The Mirror

    "Dr. Papaderos, what is the meaning of life?"
    The usual laughter followed, and people stirred to go.
    Papaderos held up his hand and stilled the room and looked at me for a long time, asking with his eyes if I was serious and seeing from my eyes that I was..
    "I will answer your question."
    Taking his wallet out of his hip pocket, he fished into a leather billfold and brought out a very small round mirror, about the size of a quarter.
    And what he said went like this:
    "When I was a small child, during the war, we were very poor and we lived in a remote village.  One day, on the road, I found the broken pieces of a mirror.  A German motorcycle had been wrecked in that place..
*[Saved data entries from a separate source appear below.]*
theorem hall_marriage:
  assumes "finite I" "\<forall>i\<in>I. finite (A i)" "hall_cond I A"
  shows "\<exists>f. sdr I A f"
  using assms
proof (induction I arbitrary: A rule: finite_psubset_induct)
  case (psubset I)
  show ?case
  proof (cases "\<exists>J. J \<subset> I \<and> J \<noteq> {} \<and> card (\<Union>(A ` J)) = card J")
    case True
    then obtain J where "J \<subset> I" "J \<noteq> {}" "card (\<Union>(A ` J)) = card J" by (elim exE conjE)
    then show ?thesis using hall_step_critical[OF psubset.prems psubset.hyps] psubset.IH by blast
  next
    case no_critical: False
    have strict: "card J < card (\<Union>(A ` J))" if "J \<subset> I" "J \<noteq> {}" for J
      using no_critical that psubset.prems(2) unfolding hall_cond_def
      by (metis le_neq_implies_less psubset_imp_subset)
    show ?thesis
    proof (cases "I = {}")
      case False
      then obtain i0 where "i0 \<in> I" by blast
      then show ?thesis using hall_step_slack[OF psubset.prems psubset.hyps _ strict] psubset.IH by blast
    qed (simp add: sdr_def)
  qed
qed

definition has_profile :: "'p set \<Rightarrow> 's set \<Rightarrow> ('s \<Rightarrow> nat) \<Rightarrow> ('p \<Rightarrow> 's) \<Rightarrow> bool" where
  "has_profile P S c a \<longleftrightarrow> (\<forall>p\<in>P. a p \<in> S) \<and> (\<forall>s\<in>S. card {p\<in>P. a p = s} = c s)"

lemma double_count_profile:
  fixes y :: "'s \<Rightarrow> 'p \<Rightarrow> nat"
  assumes "finite P" "finite S"
    and row: "\<And>p. p \<in> P \<Longrightarrow> (\<Sum>s\<in>S. y s p) = M"
    and col: "\<And>s. s \<in> S \<Longrightarrow> (\<Sum>p\<in>P. y s p) = c s * M"
  shows "(\<Sum>s\<in>S. c s) * M = card P * M"
proof -
  have "(\<Sum>s\<in>S. c s) * M = (\<Sum>s\<in>S. \<Sum>p\<in>P. y s p)" using col by (simp add: sum_distrib_right)
  also have "\<dots> = (\<Sum>p\<in>P. \<Sum>s\<in>S. y s p)" by (rule sum.swap)
  also have "\<dots> = card P * M" using row by simp
  finally show ?thesis .
qed

(* Giving every s in S c s slots, each allowed to go to the positions p with y s p > 0,
   Hall's condition holds: J slots are spread over columns T with sum_{s in T} c s >= |J|, and the
   mass (sum c over T) * M of these columns sits on positions whose total mass is at most M each. *)
lemma slot_hall_cond:
  fixes y :: "'s \<Rightarrow> 'p \<Rightarrow> nat"
  assumes finP: "finite P" and finS: "finite S" and M: "0 < M"
    and row: "\<And>p. p \<in> P \<Longrightarrow> (\<Sum>s\<in>S. y s p) = M"
    and col: "\<And>s. s \<in> S \<Longrightarrow> (\<Sum>p\<in>P. y s p) = c s * M"
  shows "hall_cond (SIGMA s:S. {..<c s}) (\<lambda>(s, j). {p\<in>P. 0 < y s p})"
  unfolding hall_cond_def
proof (intro allI impI)
  fix J assume J: "J \<subseteq> (SIGMA s:S. {..<c s})"
  define T where "T = fst ` J"
  define N where "N = {p\<in>P. \<exists>s\<in>T. 0 < y s p}"
  have TS: "T \<subseteq> S" using J unfolding T_def by auto
  have finT: "finite T" using TS finS rev_finite_subset by blast
  have "J \<subseteq> (SIGMA s:T. {..<c s})" using J unfolding T_def by force
  then have "card J \<le> card (SIGMA s:T. {..<c s})" using finT by (intro card_mono) auto
  also have "\<dots> = (\<Sum>s\<in>T. c s)" using finT by simp
  finally have slots: "card J \<le> (\<Sum>s\<in>T. c s)" .
  have "(\<Sum>s\<in>T. c s) * M = (\<Sum>s\<in>T. \<Sum>p\<in>N. y s p)"
  proof -
    have "(\<Sum>s\<in>T. c s) * M = (\<Sum>s\<in>T. \<Sum>p\<in>P. y s p)"
      using col TS by (simp add: sum_distrib_right subset_iff)
    also have "\<dots> = (\<Sum>s\<in>T. \<Sum>p\<in>N. y s p)"
      by (intro sum.cong refl sum.mono_neutral_right) (use finP in \<open>auto simp: N_def\<close>)
    finally show ?thesis .
  qed
  also have "\<dots> = (\<Sum>p\<in>N. \<Sum>s\<in>T. y s p)" by (rule sum.swap)
  also have "\<dots> \<le> (\<Sum>p\<in>N. \<Sum>s\<in>S. y s p)" using finS TS by (intro sum_mono sum_mono2) auto
  also have "\<dots> = card N * M" using row unfolding N_def by simp
  finally have "(\<Sum>s\<in>T. c s) \<le> card N" using M by simp
  moreover have "(\<Union>i\<in>J. (\<lambda>(s, j). {p\<in>P. 0 < y s p}) i) = N" unfolding N_def T_def by force
  ultimately show "card J \<le> card (\<Union>i\<in>J. (\<lambda>(s, j). {p\<in>P. 0 < y s p}) i)" using slots by simp
qed

lemma card_fibre_bij_betw:
  assumes "bij_betw g P I"
  shows "card {p\<in>P. h (g p) = s} = card {i\<in>I. h i = s}"
proof -
  have "bij_betw g {p\<in>P. h (g p) = s} {i\<in>I. h i = s}"
    using assms unfolding bij_betw_def inj_on_def by auto
  then show ?thesis by (rule bij_betw_same_card)
qed

(* The matching of slots to positions is a bijection, whose inverse
   followed by the column index is the assignment. *)
lemma supported_profile:
  fixes y :: "'s \<Rightarrow> 'p \<Rightarrow> nat"
  assumes finP: "finite P" and finS: "finite S" and M: "0 < M"
    and row: "\<And>p. p \<in> P \<Longrightarrow> (\<Sum>s\<in>S. y s p) = M"
    and col: "\<And>s. s \<in> S \<Longrightarrow> (\<Sum>p\<in>P. y s p) = c s * M"
  obtains a where "has_profile P S c a" "\<And>p. p \<in> P \<Longrightarrow> 0 < y (a p) p"
proof -
  define I where "I = (SIGMA s:S. {..<c s})"
  have finI: "finite I" unfolding I_def using finS by auto
  have "hall_cond I (\<lambda>(s, j). {p\<in>P. 0 < y s p})"
    unfolding I_def using finP finS M row col by (rule slot_hall_cond)
  moreover have "\<forall>i\<in>I. finite ((\<lambda>(s, j). {p\<in>P. 0 < y s p}) i)" using finP by auto
  ultimately obtain f where f: "sdr I (\<lambda>(s, j). {p\<in>P. 0 < y s p}) f"
    using hall_marriage[OF finI] by blast
  have "card I = card P"
    using double_count_profile[OF finP finS row col] M finS unfolding I_def by simp
  moreover have inj: "inj_on f I" and sub: "f ` I \<subseteq> P" using f unfolding sdr_def by auto
  ultimately have "f ` I = P" using card_subset_eq[OF finP sub] card_image[OF inj] by simp
  then have "bij_betw f I P" using inj unfolding bij_betw_def by blast
  then have g: "bij_betw (inv_into I f) P I" by (rule bij_betw_inv_into)
  define a where "a p = fst (inv_into I f p)" for p
  show ?thesis
  proof
    have "card {p\<in>P. a p = s} = c s" if "s \<in> S" for s
    proof -
      have "card {p\<in>P. a p = s} = card {i\<in>I. fst i = s}"
        unfolding a_def by (rule card_fibre_bij_betw[OF g])
      also have "{i\<in>I. fst i = s} = {s} \<times> {..<c s}" unfolding I_def using that by auto
      finally show ?thesis by simp
    qed
    moreover have "a p \<in> S" if "p \<in> P" for p
      using bij_betw_apply[OF g that] unfolding a_def I_def by auto
    ultimately show "has_profile P S c a" unfolding has_profile_def by blast
  next
    fix p assume p: "p \<in> P"
    define i where "i = inv_into I f p"
    have "i \<in> I" and fi: "f i = p"
      using bij_betw_apply[OF g p] f_inv_into_f[of p f I] p \<open>f ` I = P\<close> unfolding i_def by auto
    then have "f i \<in> (\<lambda>(s, j). {p\<in>P. 0 < y s p}) i" using f unfolding sdr_def by blast
    then show "0 < y (a p) p" unfolding a_def i_def[symmetric] fi by (cases i) auto
  qed
qed

lemma profile_decomposition:
  fixes y :: "'s \<Rightarrow> 'p \<Rightarrow> nat"
  assumes finP: "finite P" and finS: "finite S"
    and "\<And>p. p \<in> P \<Longrightarrow> (\<Sum>s\<in>S. y s p) = M"
    and "\<And>s. s \<in> S \<Longrightarrow> (\<Sum>p\<in>P. y s p) = c s * M"
  shows "\<exists>as. length as = M \<and> (\<forall>a\<in>set as. has_profile P S c a)
           \<and> (\<forall>s\<in>S. \<forall>p\<in>P. y s p = length (filter (\<lambda>a. a p = s) as))"
  using assms(3,4)
proof (induction M arbitrary: y)
  case 0
  then have "\<forall>s\<in>S. \<forall>p\<in>P. y s p = 0" using finS by simp
  then show ?case by (intro exI[of _ "[]"]) simp
next
  case (Suc m)
  obtain a where a: "has_profile P S c a" and pos: "\<And>p. p \<in> P \<Longrightarrow> 0 < y (a p) p"
    using supported_profile[OF finP finS _ Suc.prems] by blast
  define y' where "y' s p = y s p - (if a p = s then 1 else 0)" for s p
  have split: "y s p = y' s p + (if a p = s then 1 else 0)" if "p \<in> P" for s p
    using pos[OF that] unfolding y'_def by auto
  have "(\<Sum>s\<in>S. y' s p) = m" if p: "p \<in> P" for p
  proof -
    have "Suc m = (\<Sum>s\<in>S. y' s p + (if a p = s then 1 else 0))"
      using Suc.prems(1)[OF p] split[OF p] by simp
    also have "\<dots> = (\<Sum>s\<in>S. y' s p) + 1"
      using a p finS unfolding has_profile_def by (simp add: sum.distrib)
    finally show ?thesis by simp
  qed
  moreover have "(\<Sum>p\<in>P. y' s p) = c s * m" if s: "s \<in> S" for s
  proof -
    have "c s * Suc m = (\<Sum>p\<in>P. y' s p + (if a p = s then 1 else 0))"
      using Suc.prems(2)[OF s] split by simp
    also have "\<dots> = (\<Sum>p\<in>P. y' s p) + card {p\<in>P. a p = s}"
      using finP by (simp add: sum.distrib sum.If_cases Int_def)
    finally show ?thesis using a s unfolding has_profile_def by simp
  qed
  ultimately obtain as where "length as = m" "\<forall>a\<in>set as. has_profile P S c a"
    "\<forall>s\<in>S. \<forall>p\<in>P. y' s p = length (filter (\<lambda>a. a p = s) as)"
    using Suc.IH by blast
  then show ?case using a split by (intro exI[of _ "a # as"]) auto
qed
    "I tried to find all the pieces and put them together, but it was not possible, so I kept only the largest piece.  this one, and, by scratching it o n a stone, I made it round.  I began to play with it as a topy and became fascinated by the fact that I could reflect light into dark places where the sun would never shine--in deep holes and crevices and dark closets.  It became a game for me to get light into the most inaccessible places I could find.
 
    "I kept the little mirror, and, as I went about my growing up, I would take it out in idle moments and continue the challenge of the game.  As I became a man, I  grew to understand that this was not just a child's game but a metaphor for what I might do with my life.  I came to understand that I am not the light or the source of ligh.. But light--truth, understanding, knowledge--is there, and it will shine in many dark places only if I reflect it.
    "I am a fragment of a mirror whose whole design and shape I do not know.  Nevertheless, with what I have I can reflect light into the dark places of this world--into the black places in the hearts of men--and change some things in some people.  Perhaps others may see and do likewise.  This is what I am about.  This is the meaning of my life."